Segment Open

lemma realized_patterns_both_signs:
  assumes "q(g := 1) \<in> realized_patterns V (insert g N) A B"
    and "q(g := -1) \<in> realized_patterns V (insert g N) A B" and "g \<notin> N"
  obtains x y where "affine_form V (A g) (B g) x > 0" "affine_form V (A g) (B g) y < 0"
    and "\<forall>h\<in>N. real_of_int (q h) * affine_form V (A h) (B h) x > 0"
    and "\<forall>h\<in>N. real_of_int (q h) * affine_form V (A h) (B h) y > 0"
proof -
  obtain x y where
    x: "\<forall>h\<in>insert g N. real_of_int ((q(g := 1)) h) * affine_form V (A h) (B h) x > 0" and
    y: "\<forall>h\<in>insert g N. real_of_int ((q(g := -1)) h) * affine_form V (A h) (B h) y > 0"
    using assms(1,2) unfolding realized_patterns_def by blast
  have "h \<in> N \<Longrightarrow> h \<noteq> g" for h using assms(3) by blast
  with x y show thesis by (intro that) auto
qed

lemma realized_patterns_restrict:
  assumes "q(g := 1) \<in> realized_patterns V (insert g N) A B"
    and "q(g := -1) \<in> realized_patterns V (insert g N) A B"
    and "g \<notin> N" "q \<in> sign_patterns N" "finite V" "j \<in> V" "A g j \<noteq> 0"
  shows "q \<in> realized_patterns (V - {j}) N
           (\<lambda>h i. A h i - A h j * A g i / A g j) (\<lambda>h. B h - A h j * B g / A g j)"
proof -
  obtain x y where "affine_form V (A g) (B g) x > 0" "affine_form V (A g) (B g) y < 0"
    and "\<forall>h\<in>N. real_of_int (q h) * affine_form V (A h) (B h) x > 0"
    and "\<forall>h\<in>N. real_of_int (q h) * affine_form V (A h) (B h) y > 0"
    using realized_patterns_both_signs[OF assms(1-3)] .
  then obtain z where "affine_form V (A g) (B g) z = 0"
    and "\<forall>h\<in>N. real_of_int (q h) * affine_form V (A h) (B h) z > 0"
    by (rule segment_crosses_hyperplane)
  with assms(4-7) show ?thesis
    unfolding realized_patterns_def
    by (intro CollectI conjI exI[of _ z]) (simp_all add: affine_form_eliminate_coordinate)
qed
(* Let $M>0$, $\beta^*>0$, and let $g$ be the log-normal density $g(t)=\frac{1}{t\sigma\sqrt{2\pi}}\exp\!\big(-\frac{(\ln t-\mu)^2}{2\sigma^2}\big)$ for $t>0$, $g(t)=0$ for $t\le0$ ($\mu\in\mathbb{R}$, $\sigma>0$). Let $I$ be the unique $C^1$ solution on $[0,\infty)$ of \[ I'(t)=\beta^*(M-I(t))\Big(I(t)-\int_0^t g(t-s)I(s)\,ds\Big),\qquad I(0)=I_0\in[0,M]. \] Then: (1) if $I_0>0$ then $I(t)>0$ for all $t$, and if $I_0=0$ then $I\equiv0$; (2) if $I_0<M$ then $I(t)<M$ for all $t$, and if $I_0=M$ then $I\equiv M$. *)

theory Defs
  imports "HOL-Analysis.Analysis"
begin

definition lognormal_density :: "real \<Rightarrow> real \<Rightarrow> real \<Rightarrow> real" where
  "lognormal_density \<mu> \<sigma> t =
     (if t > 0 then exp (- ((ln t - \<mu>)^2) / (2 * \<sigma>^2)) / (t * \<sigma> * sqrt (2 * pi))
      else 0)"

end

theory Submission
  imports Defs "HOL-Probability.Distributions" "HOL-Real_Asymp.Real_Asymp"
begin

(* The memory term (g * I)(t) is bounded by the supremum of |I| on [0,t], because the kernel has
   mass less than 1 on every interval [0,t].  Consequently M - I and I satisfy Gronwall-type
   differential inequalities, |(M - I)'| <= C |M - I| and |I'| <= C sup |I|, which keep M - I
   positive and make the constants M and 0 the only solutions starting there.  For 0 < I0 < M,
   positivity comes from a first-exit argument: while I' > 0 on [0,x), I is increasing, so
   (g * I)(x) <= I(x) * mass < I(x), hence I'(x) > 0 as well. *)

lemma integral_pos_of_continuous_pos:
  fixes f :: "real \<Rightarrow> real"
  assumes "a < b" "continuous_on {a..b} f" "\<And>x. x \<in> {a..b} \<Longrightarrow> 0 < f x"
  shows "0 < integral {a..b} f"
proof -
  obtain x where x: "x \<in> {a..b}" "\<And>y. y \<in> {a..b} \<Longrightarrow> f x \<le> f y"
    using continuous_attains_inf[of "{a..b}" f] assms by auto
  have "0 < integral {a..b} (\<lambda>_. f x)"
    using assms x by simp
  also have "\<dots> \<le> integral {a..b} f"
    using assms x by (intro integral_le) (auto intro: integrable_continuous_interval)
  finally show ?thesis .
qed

Segment Closed
Segment Open

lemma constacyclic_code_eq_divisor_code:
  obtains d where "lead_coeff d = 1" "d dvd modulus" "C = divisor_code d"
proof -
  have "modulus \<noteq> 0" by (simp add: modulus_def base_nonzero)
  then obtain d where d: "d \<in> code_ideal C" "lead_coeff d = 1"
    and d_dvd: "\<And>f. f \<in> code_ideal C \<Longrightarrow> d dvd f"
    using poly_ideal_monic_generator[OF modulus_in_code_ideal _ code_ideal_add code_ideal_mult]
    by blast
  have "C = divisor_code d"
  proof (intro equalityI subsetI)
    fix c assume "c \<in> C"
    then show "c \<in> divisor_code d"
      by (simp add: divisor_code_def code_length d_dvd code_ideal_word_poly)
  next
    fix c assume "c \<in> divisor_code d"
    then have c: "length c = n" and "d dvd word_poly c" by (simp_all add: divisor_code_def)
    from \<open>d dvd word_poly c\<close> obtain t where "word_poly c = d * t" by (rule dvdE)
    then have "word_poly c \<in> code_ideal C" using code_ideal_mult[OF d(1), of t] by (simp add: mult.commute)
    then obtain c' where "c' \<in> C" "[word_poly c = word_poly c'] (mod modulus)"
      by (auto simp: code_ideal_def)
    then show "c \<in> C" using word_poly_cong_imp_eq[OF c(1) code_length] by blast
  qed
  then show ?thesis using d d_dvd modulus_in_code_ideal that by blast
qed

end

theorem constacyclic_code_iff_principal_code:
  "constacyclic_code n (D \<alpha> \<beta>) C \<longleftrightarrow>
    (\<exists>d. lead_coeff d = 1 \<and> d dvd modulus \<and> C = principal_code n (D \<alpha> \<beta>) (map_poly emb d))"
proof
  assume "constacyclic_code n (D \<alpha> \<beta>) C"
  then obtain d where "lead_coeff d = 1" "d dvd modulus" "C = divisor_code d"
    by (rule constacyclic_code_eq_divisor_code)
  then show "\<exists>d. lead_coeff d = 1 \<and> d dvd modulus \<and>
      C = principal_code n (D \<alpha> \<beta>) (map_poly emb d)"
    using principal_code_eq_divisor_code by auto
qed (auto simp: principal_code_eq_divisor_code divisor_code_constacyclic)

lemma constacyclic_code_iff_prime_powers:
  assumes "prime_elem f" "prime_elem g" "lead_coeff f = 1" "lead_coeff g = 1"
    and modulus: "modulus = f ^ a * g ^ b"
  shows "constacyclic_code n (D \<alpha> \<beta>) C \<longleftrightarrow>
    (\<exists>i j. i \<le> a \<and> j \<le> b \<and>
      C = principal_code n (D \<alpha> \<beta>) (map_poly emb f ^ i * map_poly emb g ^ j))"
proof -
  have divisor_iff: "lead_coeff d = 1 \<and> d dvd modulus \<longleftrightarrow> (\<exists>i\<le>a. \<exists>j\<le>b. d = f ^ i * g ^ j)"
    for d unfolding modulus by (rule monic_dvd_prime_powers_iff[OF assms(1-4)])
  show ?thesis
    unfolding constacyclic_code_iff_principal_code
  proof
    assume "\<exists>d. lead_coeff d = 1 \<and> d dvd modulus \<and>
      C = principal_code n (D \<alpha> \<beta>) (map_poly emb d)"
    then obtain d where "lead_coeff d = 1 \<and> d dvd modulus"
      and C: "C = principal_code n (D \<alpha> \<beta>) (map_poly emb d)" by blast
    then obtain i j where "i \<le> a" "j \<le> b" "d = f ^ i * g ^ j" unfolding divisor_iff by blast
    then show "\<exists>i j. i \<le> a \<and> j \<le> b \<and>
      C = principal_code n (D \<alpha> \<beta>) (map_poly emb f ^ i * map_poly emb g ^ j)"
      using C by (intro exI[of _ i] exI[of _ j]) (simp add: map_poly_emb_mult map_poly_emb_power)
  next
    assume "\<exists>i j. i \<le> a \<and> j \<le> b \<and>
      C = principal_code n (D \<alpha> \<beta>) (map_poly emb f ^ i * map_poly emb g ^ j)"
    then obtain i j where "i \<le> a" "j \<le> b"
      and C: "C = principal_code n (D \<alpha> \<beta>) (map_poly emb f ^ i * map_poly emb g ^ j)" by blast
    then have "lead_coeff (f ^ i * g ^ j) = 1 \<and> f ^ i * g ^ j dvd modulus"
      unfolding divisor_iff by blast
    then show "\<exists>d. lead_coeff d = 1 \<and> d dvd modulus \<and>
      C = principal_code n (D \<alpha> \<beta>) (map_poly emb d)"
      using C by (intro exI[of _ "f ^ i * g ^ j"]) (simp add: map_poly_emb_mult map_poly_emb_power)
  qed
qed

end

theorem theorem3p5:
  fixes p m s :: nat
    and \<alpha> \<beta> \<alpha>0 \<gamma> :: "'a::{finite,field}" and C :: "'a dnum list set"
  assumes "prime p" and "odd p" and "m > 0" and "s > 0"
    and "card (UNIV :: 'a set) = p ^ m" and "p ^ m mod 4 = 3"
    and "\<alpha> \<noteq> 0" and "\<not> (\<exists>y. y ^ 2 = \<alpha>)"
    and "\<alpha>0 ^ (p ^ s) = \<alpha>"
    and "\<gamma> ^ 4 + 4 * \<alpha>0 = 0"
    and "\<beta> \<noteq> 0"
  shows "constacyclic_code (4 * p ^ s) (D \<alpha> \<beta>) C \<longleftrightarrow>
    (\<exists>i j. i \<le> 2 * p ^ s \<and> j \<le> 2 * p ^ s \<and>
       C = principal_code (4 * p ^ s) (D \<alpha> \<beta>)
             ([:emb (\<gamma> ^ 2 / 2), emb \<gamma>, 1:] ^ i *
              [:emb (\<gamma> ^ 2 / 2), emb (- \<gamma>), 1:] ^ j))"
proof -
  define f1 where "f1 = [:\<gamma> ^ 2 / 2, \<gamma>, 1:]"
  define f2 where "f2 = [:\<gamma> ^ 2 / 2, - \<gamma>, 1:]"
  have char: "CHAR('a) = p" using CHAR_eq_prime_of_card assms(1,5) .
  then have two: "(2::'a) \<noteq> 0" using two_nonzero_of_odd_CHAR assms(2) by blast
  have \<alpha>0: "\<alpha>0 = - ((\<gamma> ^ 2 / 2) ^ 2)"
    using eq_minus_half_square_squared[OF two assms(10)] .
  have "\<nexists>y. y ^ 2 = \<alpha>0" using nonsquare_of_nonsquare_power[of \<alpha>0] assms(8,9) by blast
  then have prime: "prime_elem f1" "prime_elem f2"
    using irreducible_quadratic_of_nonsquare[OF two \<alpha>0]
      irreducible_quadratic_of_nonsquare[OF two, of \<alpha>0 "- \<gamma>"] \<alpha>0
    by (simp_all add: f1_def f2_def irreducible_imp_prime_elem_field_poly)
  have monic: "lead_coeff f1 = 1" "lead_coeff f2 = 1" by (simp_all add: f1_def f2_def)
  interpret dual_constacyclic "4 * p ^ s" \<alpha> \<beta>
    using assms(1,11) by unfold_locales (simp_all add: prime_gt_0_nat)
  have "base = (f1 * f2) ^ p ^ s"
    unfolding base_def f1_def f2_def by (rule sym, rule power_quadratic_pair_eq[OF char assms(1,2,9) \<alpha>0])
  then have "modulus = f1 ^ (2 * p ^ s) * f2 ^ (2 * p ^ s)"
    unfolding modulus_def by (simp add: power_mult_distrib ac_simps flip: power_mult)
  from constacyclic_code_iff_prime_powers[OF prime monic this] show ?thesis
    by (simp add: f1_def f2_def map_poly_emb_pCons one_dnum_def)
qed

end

Segment Closed
Segment Open

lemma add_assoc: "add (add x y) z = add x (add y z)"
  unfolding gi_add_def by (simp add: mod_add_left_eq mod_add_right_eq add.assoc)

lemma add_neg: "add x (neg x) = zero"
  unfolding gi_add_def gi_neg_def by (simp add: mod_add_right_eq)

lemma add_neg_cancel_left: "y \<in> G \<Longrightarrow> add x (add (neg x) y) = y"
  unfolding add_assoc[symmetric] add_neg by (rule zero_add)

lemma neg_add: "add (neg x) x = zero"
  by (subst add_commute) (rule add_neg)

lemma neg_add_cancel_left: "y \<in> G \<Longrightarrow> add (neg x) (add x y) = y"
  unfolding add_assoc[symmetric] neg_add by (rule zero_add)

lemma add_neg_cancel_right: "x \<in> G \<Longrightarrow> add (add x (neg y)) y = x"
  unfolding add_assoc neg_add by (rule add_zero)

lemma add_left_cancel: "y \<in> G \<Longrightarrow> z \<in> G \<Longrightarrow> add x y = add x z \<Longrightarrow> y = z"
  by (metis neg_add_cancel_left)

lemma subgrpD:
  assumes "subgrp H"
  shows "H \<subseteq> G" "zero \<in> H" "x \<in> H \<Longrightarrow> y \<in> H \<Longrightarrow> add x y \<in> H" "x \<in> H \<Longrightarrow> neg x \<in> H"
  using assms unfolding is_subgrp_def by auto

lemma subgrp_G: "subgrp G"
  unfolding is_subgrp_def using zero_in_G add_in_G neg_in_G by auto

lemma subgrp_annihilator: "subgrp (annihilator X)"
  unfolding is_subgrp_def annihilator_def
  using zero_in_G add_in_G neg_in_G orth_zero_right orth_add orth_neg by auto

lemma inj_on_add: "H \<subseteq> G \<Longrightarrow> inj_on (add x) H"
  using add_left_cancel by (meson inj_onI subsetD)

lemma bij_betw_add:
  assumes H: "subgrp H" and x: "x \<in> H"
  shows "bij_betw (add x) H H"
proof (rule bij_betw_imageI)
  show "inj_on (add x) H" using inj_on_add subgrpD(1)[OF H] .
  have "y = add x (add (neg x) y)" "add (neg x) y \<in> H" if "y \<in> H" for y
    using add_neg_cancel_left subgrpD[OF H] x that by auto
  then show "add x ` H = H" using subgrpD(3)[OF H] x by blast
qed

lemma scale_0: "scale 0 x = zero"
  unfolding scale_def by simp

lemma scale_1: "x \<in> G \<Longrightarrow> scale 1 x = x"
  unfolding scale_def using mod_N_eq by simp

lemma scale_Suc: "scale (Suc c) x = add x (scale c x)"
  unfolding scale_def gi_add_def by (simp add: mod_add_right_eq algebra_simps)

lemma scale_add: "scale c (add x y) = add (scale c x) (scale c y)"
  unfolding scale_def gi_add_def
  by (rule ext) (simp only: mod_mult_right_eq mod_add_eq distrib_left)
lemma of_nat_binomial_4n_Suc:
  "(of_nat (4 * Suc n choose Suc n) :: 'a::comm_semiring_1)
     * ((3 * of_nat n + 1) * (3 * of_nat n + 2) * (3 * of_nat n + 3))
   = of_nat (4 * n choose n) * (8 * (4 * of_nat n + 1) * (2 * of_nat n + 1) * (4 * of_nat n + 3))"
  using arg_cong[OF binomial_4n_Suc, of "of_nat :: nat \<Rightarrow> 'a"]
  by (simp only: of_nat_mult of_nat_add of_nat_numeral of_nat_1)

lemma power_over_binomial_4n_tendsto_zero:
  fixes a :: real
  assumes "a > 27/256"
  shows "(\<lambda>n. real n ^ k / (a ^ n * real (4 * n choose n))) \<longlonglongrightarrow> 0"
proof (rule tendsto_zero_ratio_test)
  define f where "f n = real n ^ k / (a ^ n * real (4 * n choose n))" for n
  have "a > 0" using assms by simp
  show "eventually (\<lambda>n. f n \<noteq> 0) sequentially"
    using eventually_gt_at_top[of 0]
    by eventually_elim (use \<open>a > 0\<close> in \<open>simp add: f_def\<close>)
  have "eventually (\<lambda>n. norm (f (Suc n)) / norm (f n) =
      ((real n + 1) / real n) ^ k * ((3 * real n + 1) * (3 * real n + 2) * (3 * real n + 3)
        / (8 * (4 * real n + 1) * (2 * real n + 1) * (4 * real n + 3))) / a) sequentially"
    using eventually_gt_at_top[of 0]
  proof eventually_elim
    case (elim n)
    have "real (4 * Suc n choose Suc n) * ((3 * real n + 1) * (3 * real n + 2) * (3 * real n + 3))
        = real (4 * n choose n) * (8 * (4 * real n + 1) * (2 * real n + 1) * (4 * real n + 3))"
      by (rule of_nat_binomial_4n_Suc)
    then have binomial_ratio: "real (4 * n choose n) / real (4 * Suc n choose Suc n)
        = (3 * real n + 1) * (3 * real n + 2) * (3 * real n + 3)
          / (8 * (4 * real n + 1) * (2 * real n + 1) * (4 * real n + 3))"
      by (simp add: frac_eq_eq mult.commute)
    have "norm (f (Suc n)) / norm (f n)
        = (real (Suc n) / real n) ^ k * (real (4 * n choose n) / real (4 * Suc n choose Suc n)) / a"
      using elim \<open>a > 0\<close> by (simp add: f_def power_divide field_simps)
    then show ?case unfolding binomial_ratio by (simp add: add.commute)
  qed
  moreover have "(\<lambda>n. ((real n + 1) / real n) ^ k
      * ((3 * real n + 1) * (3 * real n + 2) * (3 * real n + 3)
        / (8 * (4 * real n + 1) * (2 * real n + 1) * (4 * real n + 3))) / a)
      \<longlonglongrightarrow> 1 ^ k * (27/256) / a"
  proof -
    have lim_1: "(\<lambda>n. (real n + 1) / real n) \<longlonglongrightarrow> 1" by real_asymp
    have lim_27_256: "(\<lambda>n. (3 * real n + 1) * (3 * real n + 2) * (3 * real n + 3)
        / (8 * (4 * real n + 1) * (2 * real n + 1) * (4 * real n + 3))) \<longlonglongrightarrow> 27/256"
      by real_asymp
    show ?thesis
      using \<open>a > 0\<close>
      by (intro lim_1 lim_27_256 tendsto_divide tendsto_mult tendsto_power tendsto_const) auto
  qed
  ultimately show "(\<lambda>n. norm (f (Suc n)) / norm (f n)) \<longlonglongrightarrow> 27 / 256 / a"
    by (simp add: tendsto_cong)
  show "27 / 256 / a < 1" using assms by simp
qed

Segment Closed

• Your objective
Taking the lines above, repeat exactly those from the line that contains "using elim \<open>a" through the line that contains "norm (f n))", and both of those lines as well. Include nothing else.

• The completed task
      using elim \<open>a > 0\<close> by (simp add: f_def power_divide field_simps)
    then show ?case unfolding binomial_ratio by (simp add: add.commute)
  qed
  moreover have "(\<lambda>n. ((real n + 1) / real n) ^ k
      * ((3 * real n + 1) * (3 * real n + 2) * (3 * real n + 3)
        / (8 * (4 * real n + 1) * (2 * real n + 1) * (4 * real n + 3))) / a)
      \<longlonglongrightarrow> 1 ^ k * (27/256) / a"
  proof -
    have lim_1: "(\<lambda>n. (real n + 1) / real n) \<longlonglongrightarrow> 1" by real_asymp
    have lim_27_256: "(\<lambda>n. (3 * real n + 1) * (3 * real n + 2) * (3 * real n + 3)
        / (8 * (4 * real n + 1) * (2 * real n + 1) * (4 * real n + 3))) \<longlonglongrightarrow> 27/256"
      by real_asymp
    show ?thesis
      using \<open>a > 0\<close>
      by (intro lim_1 lim_27_256 tendsto_divide tendsto_mult tendsto_power tendsto_const) auto
  qed
  ultimately show "(\<lambda>n. norm (f (Suc n)) / norm (f n)) \<longlonglongrightarrow> 27 / 256 / a"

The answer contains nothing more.